YOUR TASK >>
Search the data for the word "longleftrightarrow" and copy each line that has it.

Collected data entries
══════════════════════════════

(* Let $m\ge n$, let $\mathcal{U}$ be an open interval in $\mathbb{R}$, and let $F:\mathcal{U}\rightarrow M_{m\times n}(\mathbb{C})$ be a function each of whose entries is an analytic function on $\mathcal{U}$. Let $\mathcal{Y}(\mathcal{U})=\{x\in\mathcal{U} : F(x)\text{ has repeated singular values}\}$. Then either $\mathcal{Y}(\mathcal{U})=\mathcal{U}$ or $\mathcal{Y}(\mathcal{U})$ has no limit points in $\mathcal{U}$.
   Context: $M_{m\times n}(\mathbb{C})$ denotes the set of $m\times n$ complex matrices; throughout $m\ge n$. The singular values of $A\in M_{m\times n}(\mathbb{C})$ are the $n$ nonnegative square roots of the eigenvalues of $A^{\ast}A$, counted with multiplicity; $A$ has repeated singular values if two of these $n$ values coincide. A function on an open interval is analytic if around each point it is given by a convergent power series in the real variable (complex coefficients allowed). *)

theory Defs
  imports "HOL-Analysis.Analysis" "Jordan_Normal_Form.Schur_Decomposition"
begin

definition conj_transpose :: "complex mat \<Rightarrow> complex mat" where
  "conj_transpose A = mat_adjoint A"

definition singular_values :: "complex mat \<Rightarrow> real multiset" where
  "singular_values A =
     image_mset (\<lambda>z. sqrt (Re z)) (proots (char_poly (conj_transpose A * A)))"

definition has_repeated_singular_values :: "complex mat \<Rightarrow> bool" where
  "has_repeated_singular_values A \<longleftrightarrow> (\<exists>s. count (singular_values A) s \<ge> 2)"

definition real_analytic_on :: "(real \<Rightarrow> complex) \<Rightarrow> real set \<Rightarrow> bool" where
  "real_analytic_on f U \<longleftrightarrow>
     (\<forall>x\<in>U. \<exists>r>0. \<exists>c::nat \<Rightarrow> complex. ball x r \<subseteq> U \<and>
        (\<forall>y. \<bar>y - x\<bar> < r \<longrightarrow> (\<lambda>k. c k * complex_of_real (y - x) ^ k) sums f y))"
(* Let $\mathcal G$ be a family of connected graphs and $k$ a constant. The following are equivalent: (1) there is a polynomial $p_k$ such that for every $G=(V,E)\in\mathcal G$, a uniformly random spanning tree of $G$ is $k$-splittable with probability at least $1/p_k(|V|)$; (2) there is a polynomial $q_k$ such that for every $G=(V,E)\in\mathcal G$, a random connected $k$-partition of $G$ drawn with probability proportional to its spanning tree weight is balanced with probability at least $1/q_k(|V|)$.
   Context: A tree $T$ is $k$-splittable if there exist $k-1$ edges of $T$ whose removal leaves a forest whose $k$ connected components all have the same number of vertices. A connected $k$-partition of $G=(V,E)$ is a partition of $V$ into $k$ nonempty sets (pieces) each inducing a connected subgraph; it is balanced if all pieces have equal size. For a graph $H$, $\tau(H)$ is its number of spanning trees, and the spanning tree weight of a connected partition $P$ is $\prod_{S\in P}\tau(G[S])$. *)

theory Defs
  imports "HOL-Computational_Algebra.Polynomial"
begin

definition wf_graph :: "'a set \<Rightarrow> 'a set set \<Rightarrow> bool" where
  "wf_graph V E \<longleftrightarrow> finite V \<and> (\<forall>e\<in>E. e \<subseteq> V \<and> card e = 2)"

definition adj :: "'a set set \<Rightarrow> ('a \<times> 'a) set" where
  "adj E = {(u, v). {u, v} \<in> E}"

══════════════════════════════

TASK ANSWER >>
  "has_repeated_singular_values A \<longleftrightarrow> (\<exists>s. count (singular_values A) s \<ge> 2)"
  "real_analytic_on f U \<longleftrightarrow>
  "wf_graph V E \<longleftrightarrow> finite V \<and> (\<forall>e\<in>E. e \<subseteq> V \<and> card e = 2)"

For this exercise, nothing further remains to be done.